• _What needs to be done_: Within the records, which lines hold the string "then"? Report each one by copying it.
====== Dataset extract ======
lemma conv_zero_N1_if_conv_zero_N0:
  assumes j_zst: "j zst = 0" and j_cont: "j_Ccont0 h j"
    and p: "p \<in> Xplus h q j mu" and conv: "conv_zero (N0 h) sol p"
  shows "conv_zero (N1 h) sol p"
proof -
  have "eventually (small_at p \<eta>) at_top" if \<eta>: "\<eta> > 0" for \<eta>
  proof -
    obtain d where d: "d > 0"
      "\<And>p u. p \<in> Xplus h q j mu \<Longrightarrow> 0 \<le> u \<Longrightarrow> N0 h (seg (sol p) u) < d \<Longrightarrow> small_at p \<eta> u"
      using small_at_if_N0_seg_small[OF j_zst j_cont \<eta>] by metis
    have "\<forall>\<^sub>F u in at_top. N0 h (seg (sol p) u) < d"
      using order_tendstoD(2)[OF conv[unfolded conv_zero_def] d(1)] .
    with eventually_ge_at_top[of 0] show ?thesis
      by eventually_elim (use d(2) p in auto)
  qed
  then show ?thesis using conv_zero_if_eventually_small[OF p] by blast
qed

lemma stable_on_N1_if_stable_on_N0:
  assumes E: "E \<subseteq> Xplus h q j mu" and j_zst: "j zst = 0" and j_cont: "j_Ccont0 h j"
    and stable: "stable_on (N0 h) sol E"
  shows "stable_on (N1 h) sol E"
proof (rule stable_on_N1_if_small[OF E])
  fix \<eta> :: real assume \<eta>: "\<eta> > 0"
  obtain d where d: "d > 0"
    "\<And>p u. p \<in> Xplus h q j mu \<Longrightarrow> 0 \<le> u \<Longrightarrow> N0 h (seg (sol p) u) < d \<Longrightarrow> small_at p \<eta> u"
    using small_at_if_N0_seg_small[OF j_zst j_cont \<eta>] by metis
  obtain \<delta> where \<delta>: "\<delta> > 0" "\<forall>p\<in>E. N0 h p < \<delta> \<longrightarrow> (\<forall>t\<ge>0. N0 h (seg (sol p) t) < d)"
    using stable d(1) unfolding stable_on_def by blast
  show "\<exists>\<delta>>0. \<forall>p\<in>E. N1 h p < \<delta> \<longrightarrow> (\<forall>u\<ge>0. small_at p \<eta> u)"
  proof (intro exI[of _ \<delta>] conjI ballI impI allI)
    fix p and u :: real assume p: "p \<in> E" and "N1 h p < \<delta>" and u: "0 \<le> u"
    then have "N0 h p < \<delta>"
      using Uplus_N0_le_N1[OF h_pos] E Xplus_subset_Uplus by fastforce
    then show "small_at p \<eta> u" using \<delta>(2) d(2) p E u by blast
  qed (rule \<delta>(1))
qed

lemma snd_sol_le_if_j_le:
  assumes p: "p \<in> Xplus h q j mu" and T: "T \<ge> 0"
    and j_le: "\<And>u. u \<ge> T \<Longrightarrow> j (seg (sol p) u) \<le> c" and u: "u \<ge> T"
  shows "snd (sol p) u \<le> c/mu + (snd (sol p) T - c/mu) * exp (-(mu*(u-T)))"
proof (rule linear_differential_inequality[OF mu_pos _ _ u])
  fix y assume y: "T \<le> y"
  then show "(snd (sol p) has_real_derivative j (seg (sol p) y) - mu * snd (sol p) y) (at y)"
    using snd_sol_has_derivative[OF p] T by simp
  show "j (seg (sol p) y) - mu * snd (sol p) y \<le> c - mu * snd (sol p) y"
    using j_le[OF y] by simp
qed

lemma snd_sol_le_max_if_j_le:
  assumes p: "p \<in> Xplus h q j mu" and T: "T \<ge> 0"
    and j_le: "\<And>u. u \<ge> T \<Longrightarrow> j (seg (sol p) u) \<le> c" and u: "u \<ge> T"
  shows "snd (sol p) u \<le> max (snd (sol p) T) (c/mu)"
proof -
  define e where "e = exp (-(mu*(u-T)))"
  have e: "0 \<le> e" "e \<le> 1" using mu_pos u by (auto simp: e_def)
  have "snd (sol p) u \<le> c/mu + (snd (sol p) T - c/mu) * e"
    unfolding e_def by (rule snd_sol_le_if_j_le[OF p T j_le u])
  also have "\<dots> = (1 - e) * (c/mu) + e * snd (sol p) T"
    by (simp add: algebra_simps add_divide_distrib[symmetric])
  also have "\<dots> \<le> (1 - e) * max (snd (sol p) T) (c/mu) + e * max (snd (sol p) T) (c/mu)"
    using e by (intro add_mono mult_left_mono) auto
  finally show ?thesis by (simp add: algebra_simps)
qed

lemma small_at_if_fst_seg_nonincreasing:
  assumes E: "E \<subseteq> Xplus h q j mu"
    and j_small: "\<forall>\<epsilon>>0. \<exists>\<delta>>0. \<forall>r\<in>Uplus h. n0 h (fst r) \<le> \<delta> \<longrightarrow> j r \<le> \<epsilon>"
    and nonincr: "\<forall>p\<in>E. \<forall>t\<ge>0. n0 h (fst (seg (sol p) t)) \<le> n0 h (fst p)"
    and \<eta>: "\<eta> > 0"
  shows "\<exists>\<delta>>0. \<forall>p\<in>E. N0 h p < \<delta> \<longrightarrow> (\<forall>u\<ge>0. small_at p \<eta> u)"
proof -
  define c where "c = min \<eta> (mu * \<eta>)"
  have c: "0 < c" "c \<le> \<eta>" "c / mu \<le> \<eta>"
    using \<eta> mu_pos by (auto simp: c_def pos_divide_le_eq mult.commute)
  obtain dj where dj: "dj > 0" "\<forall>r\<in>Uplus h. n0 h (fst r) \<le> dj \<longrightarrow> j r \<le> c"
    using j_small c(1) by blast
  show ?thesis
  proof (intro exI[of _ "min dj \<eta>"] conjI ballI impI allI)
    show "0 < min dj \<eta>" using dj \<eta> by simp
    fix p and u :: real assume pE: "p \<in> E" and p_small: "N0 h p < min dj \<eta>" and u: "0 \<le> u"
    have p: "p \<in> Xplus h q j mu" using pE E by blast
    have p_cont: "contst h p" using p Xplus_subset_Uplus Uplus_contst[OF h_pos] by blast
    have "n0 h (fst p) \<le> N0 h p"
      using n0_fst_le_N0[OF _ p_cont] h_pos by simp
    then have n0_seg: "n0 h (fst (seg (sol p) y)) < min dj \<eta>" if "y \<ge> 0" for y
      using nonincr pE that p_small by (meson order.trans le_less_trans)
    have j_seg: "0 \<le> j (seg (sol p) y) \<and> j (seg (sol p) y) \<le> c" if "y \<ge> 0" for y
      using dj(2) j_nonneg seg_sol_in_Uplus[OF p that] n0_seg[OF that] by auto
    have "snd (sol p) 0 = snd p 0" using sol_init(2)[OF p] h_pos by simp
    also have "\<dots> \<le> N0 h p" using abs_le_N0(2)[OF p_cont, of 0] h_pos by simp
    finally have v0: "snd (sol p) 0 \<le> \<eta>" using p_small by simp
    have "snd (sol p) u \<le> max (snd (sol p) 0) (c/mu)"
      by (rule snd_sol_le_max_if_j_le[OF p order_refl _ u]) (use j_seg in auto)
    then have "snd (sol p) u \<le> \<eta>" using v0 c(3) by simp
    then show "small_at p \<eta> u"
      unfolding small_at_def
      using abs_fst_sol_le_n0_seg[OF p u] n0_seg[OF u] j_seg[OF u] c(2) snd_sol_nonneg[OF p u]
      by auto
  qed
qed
======
====== Dataset extract ======
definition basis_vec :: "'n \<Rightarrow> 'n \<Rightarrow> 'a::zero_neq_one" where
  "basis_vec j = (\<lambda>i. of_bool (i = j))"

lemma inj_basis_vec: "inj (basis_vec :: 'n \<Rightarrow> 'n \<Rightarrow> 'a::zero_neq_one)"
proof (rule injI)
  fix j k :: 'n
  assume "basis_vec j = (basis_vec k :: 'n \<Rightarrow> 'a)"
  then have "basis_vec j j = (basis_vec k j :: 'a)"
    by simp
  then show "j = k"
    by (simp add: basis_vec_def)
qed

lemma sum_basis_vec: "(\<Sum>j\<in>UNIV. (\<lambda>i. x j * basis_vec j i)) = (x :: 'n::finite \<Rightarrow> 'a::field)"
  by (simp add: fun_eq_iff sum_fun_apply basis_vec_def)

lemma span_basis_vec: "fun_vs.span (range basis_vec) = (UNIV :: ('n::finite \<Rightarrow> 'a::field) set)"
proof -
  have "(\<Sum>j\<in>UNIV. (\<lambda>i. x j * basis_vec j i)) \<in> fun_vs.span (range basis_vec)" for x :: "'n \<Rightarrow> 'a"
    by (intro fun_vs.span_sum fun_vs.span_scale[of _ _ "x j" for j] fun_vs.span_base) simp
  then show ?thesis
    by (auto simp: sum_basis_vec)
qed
======
• _Exercise response_:
  then show ?thesis using conv_zero_if_eventually_small[OF p] by blast
    then have "N0 h p < \<delta>"
    then show "small_at p \<eta> u" using \<delta>(2) d(2) p E u by blast
  then show "(snd (sol p) has_real_derivative j (seg (sol p) y) - mu * snd (sol p) y) (at y)"
    then have n0_seg: "n0 h (fst (seg (sol p) y)) < min dj \<eta>" if "y \<ge> 0" for y
    then have "snd (sol p) u \<le> \<eta>" using v0 c(3) by simp
    then show "small_at p \<eta> u"
  then have "basis_vec j j = (basis_vec k j :: 'a)"
  then show "j = k"
  then show ?thesis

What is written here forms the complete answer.